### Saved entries
(* Let $U=A\boldsymbol\xi$, where $A=(a_{jk})$ is a real $p\times p$ matrix and $\boldsymbol\xi=(\xi_1,\dots,\xi_p)^T$ has i.i.d. entries with mean $0$, variance $1$ and finite fourth moment. Let $\Sigma=AA^T=(\sigma_{jk})$, $f=(\mathrm{tr}(\Sigma^2))^{1/2}$, $\nu=\mathrm{Var}(\xi_1^2)$. Let $\Gamma=(\gamma_{(i,j),(k,l)})$ be the $p^2\times p^2$ covariance matrix of the vector $W=(U_iU_j-\sigma_{ij})_{(i,j)\in\{1,\dots,p\}^2}$, i.e. $\gamma_{(i,j),(k,l)}=\mathrm{cov}(U_iU_j,U_kU_l)$. Then $$f_W^2:=\mathrm{tr}(\Gamma^2)=\sum_{a,b}\gamma_{ab}^2\ge\min(2,\nu^2/2)\,f^4.$$ *)

theory Defs
  imports "HOL-Probability.Probability"
begin

definition (in prob_space) covariance :: "('a \<Rightarrow> real) \<Rightarrow> ('a \<Rightarrow> real) \<Rightarrow> real" where
  "covariance X Y = expectation (\<lambda>x. (X x - expectation X) * (Y x - expectation Y))"

end

theory Submission
  imports Defs "HOL-Library.Multiset"
begin

(* Expanding U = A xi and using independence, only the pairings of the four indices survive in
   E[xi_a xi_b xi_c xi_d], so
     gamma_(i,j),(k,l) = sigma_ik sigma_jl + sigma_il sigma_jk + (nu - 2) sum_m a_im a_jm a_km a_lm.
   This matrix is a sum over pairs r = (m,n) of rank-one matrices Y_r Y_r^T, where
   Y_r = a_m (x) a_n + a_n (x) a_m is built from the columns of A, with weight nu/4 if m = n and 1/2
   otherwise.  The squared Frobenius norm of such a sum is sum_{r,s} w_r w_s <Y_r, Y_s>^2, hence
   monotone in nonnegative weights, so tr(Gamma^2) >= (min nu 2 / 4)^2 tr(S^2) for the unweighted
   sum S = 2 (Sigma (x) Sigma)(I + K), K the swap of tensor factors.  Finally
   tr(S^2) = 8 (tr Sigma^2)^2 + 8 tr Sigma^4 >= 8 f^4. *)

section \<open>Moments of an independent standardized family\<close>

lemma abs_power_le_one_plus_power:
  fixes x :: real
  assumes "c \<le> n"
  shows "\<bar>x\<bar> ^ c \<le> 1 + \<bar>x\<bar> ^ n"
proof (cases "\<bar>x\<bar> \<le> 1")
  case True
  then show ?thesis by (simp add: power_le_one add_increasing2)
next
  case False
  then show ?thesis using assms by (simp add: add_increasing power_increasing)
qed

lemma (in prob_space) integrable_power_le:
  fixes X :: "'a \<Rightarrow> real"
  assumes "random_variable borel X" "integrable M (\<lambda>x. X x ^ n)" "even n" "c \<le> n"
  shows "integrable M (\<lambda>x. X x ^ c)"
proof (rule Bochner_Integration.integrable_bound[where f = "\<lambda>x. 1 + X x ^ n"])
  show "integrable M (\<lambda>x. 1 + X x ^ n)" using assms(2) by simp
  show "(\<lambda>x. X x ^ c) \<in> borel_measurable M" using assms(1) by measurable
  show "AE x in M. norm (X x ^ c) \<le> norm (1 + X x ^ n)"
    using abs_power_le_one_plus_power[OF \<open>c \<le> n\<close>] \<open>even n\<close>
    by (simp add: power_abs power_even_abs zero_le_even_power add_increasing)
qed

lemma (in prob_space) expectation_eq_if_distr_eq:
  fixes X Y :: "'a \<Rightarrow> real" and g :: "real \<Rightarrow> real"
  assumes "random_variable borel X" "random_variable borel Y" "distr M borel X = distr M borel Y"
    and "g \<in> borel_measurable borel"
  shows "expectation (\<lambda>x. g (X x)) = expectation (\<lambda>x. g (Y x))"
  using assms by (metis integral_distr)

lemma (in prob_space) covariance_eq:
  fixes X Y :: "'a \<Rightarrow> real"
  assumes "integrable M X" "integrable M Y" "integrable M (\<lambda>x. X x * Y x)"
  shows "covariance X Y = expectation (\<lambda>x. X x * Y x) - expectation X * expectation Y"
proof -
  have "(\<lambda>x. (X x - expectation X) * (Y x - expectation Y))
      = (\<lambda>x. X x * Y x - expectation Y * X x - expectation X * Y x + expectation X * expectation Y)"
    by (auto simp: algebra_simps)
  then show ?thesis
    unfolding covariance_def using assms prob_space by (simp add: integral_diff)
qed

lemma prod_count_mset2:
  fixes g :: "nat \<Rightarrow> nat \<Rightarrow> real"
  assumes "\<And>k. k \<in> {a, b} \<Longrightarrow> g k 1 = 0" and "\<And>k. k \<in> {a, b} \<Longrightarrow> g k 2 = 1"
  shows "(\<Prod>k\<in>set_mset {#a, b#}. g k (count {#a, b#} k)) = of_bool (a = b)"
  using assms by (cases "a = b") (simp_all add: numeral_2_eq_2)

(* No hypothesis on g k 3 is needed: a count 3 comes with a count 1, whose factor vanishes. *)
lemma prod_count_mset4:
  fixes g :: "nat \<Rightarrow> nat \<Rightarrow> real"
  assumes "\<And>k. k \<in> {a, b, c, d} \<Longrightarrow> g k 1 = 0" and "\<And>k. k \<in> {a, b, c, d} \<Longrightarrow> g k 2 = 1"
    and "\<And>k. k \<in> {a, b, c, d} \<Longrightarrow> g k 4 = \<mu>"
  shows "(\<Prod>k\<in>set_mset {#a, b, c, d#}. g k (count {#a, b, c, d#} k)) =
    of_bool (a = b) * of_bool (c = d) + of_bool (a = c) * of_bool (b = d)
    + of_bool (a = d) * of_bool (b = c)
    + (\<mu> - 3) * (of_bool (a = b) * of_bool (a = c) * of_bool (a = d))"
proof -
  have g: "g k (Suc 0) = 0" "g k (Suc (Suc 0)) = 1" "g k (Suc (Suc (Suc (Suc 0)))) = \<mu>"
    if "k \<in> {a, b, c, d}" for k
    using assms that by (simp_all add: numeral_eq_Suc)
  show ?thesis
    by (cases "a = b"; cases "a = c"; cases "a = d"; cases "b = c"; cases "b = d"; cases "c = d")
       (simp_all add: g insert_commute)
qed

### Aim of the task
The data must be duplicated exactly, with nothing left out.

### Exercise output
(* Let $U=A\boldsymbol\xi$, where $A=(a_{jk})$ is a real $p\times p$ matrix and $\boldsymbol\xi=(\xi_1,\dots,\xi_p)^T$ has i.i.d. entries with mean $0$, variance $1$ and finite fourth moment. Let $\Sigma=AA^T=(\sigma_{jk})$, $f=(\mathrm{tr}(\Sigma^2))^{1/2}$, $\nu=\mathrm{Var}(\xi_1^2)$. Let $\Gamma=(\gamma_{(i,j),(k,l)})$ be the $p^2\times p^2$ covariance matrix of the vector $W=(U_iU_j-\sigma_{ij})_{(i,j)\in\{1,\dots,p\}^2}$, i.e. $\gamma_{(i,j),(k,l)}=\mathrm{cov}(U_iU_j,U_kU_l)$. Then $$f_W^2:=\mathrm{tr}(\Gamma^2)=\sum_{a,b}\gamma_{ab}^2\ge\min(2,\nu^2/2)\,f^4.$$ *)

theory Defs
  imports "HOL-Probability.Probability"
begin

definition (in prob_space) covariance :: "('a \<Rightarrow> real) \<Rightarrow> ('a \<Rightarrow> real) \<Rightarrow> real" where
  "covariance X Y = expectation (\<lambda>x. (X x - expectation X) * (Y x - expectation Y))"

end

theory Submission
  imports Defs "HOL-Library.Multiset"
begin

(* Expanding U = A xi and using independence, only the pairings of the four indices survive in
   E[xi_a xi_b xi_c xi_d], so
     gamma_(i,j),(k,l) = sigma_ik sigma_jl + sigma_il sigma_jk + (nu - 2) sum_m a_im a_jm a_km a_lm.
   This matrix is a sum over pairs r = (m,n) of rank-one matrices Y_r Y_r^T, where
   Y_r = a_m (x) a_n + a_n (x) a_m is built from the columns of A, with weight nu/4 if m = n and 1/2
   otherwise.  The squared Frobenius norm of such a sum is sum_{r,s} w_r w_s <Y_r, Y_s>^2, hence
   monotone in nonnegative weights, so tr(Gamma^2) >= (min nu 2 / 4)^2 tr(S^2) for the unweighted
   sum S = 2 (Sigma (x) Sigma)(I + K), K the swap of tensor factors.  Finally
   tr(S^2) = 8 (tr Sigma^2)^2 + 8 tr Sigma^4 >= 8 f^4. *)

section \<open>Moments of an independent standardized family\<close>

lemma abs_power_le_one_plus_power:
  fixes x :: real
  assumes "c \<le> n"
  shows "\<bar>x\<bar> ^ c \<le> 1 + \<bar>x\<bar> ^ n"
proof (cases "\<bar>x\<bar> \<le> 1")
  case True
  then show ?thesis by (simp add: power_le_one add_increasing2)
next
  case False
  then show ?thesis using assms by (simp add: add_increasing power_increasing)
qed

lemma (in prob_space) integrable_power_le:
  fixes X :: "'a \<Rightarrow> real"
  assumes "random_variable borel X" "integrable M (\<lambda>x. X x ^ n)" "even n" "c \<le> n"
  shows "integrable M (\<lambda>x. X x ^ c)"
proof (rule Bochner_Integration.integrable_bound[where f = "\<lambda>x. 1 + X x ^ n"])
  show "integrable M (\<lambda>x. 1 + X x ^ n)" using assms(2) by simp
  show "(\<lambda>x. X x ^ c) \<in> borel_measurable M" using assms(1) by measurable
  show "AE x in M. norm (X x ^ c) \<le> norm (1 + X x ^ n)"
    using abs_power_le_one_plus_power[OF \<open>c \<le> n\<close>] \<open>even n\<close>
    by (simp add: power_abs power_even_abs zero_le_even_power add_increasing)
qed

lemma (in prob_space) expectation_eq_if_distr_eq:
  fixes X Y :: "'a \<Rightarrow> real" and g :: "real \<Rightarrow> real"
  assumes "random_variable borel X" "random_variable borel Y" "distr M borel X = distr M borel Y"
    and "g \<in> borel_measurable borel"
  shows "expectation (\<lambda>x. g (X x)) = expectation (\<lambda>x. g (Y x))"
  using assms by (metis integral_distr)

lemma (in prob_space) covariance_eq:
  fixes X Y :: "'a \<Rightarrow> real"
  assumes "integrable M X" "integrable M Y" "integrable M (\<lambda>x. X x * Y x)"
  shows "covariance X Y = expectation (\<lambda>x. X x * Y x) - expectation X * expectation Y"
proof -
  have "(\<lambda>x. (X x - expectation X) * (Y x - expectation Y))
      = (\<lambda>x. X x * Y x - expectation Y * X x - expectation X * Y x + expectation X * expectation Y)"
    by (auto simp: algebra_simps)
  then show ?thesis
    unfolding covariance_def using assms prob_space by (simp add: integral_diff)
qed

lemma prod_count_mset2:
  fixes g :: "nat \<Rightarrow> nat \<Rightarrow> real"
  assumes "\<And>k. k \<in> {a, b} \<Longrightarrow> g k 1 = 0" and "\<And>k. k \<in> {a, b} \<Longrightarrow> g k 2 = 1"
  shows "(\<Prod>k\<in>set_mset {#a, b#}. g k (count {#a, b#} k)) = of_bool (a = b)"
  using assms by (cases "a = b") (simp_all add: numeral_2_eq_2)

(* No hypothesis on g k 3 is needed: a count 3 comes with a count 1, whose factor vanishes. *)
lemma prod_count_mset4:
  fixes g :: "nat \<Rightarrow> nat \<Rightarrow> real"
  assumes "\<And>k. k \<in> {a, b, c, d} \<Longrightarrow> g k 1 = 0" and "\<And>k. k \<in> {a, b, c, d} \<Longrightarrow> g k 2 = 1"
    and "\<And>k. k \<in> {a, b, c, d} \<Longrightarrow> g k 4 = \<mu>"
  shows "(\<Prod>k\<in>set_mset {#a, b, c, d#}. g k (count {#a, b, c, d#} k)) =
    of_bool (a = b) * of_bool (c = d) + of_bool (a = c) * of_bool (b = d)
    + of_bool (a = d) * of_bool (b = c)
    + (\<mu> - 3) * (of_bool (a = b) * of_bool (a = c) * of_bool (a = d))"
proof -
  have g: "g k (Suc 0) = 0" "g k (Suc (Suc 0)) = 1" "g k (Suc (Suc (Suc (Suc 0)))) = \<mu>"
    if "k \<in> {a, b, c, d}" for k
    using assms that by (simp_all add: numeral_eq_Suc)
  show ?thesis
    by (cases "a = b"; cases "a = c"; cases "a = d"; cases "b = c"; cases "b = d"; cases "c = d")
       (simp_all add: g insert_commute)
qed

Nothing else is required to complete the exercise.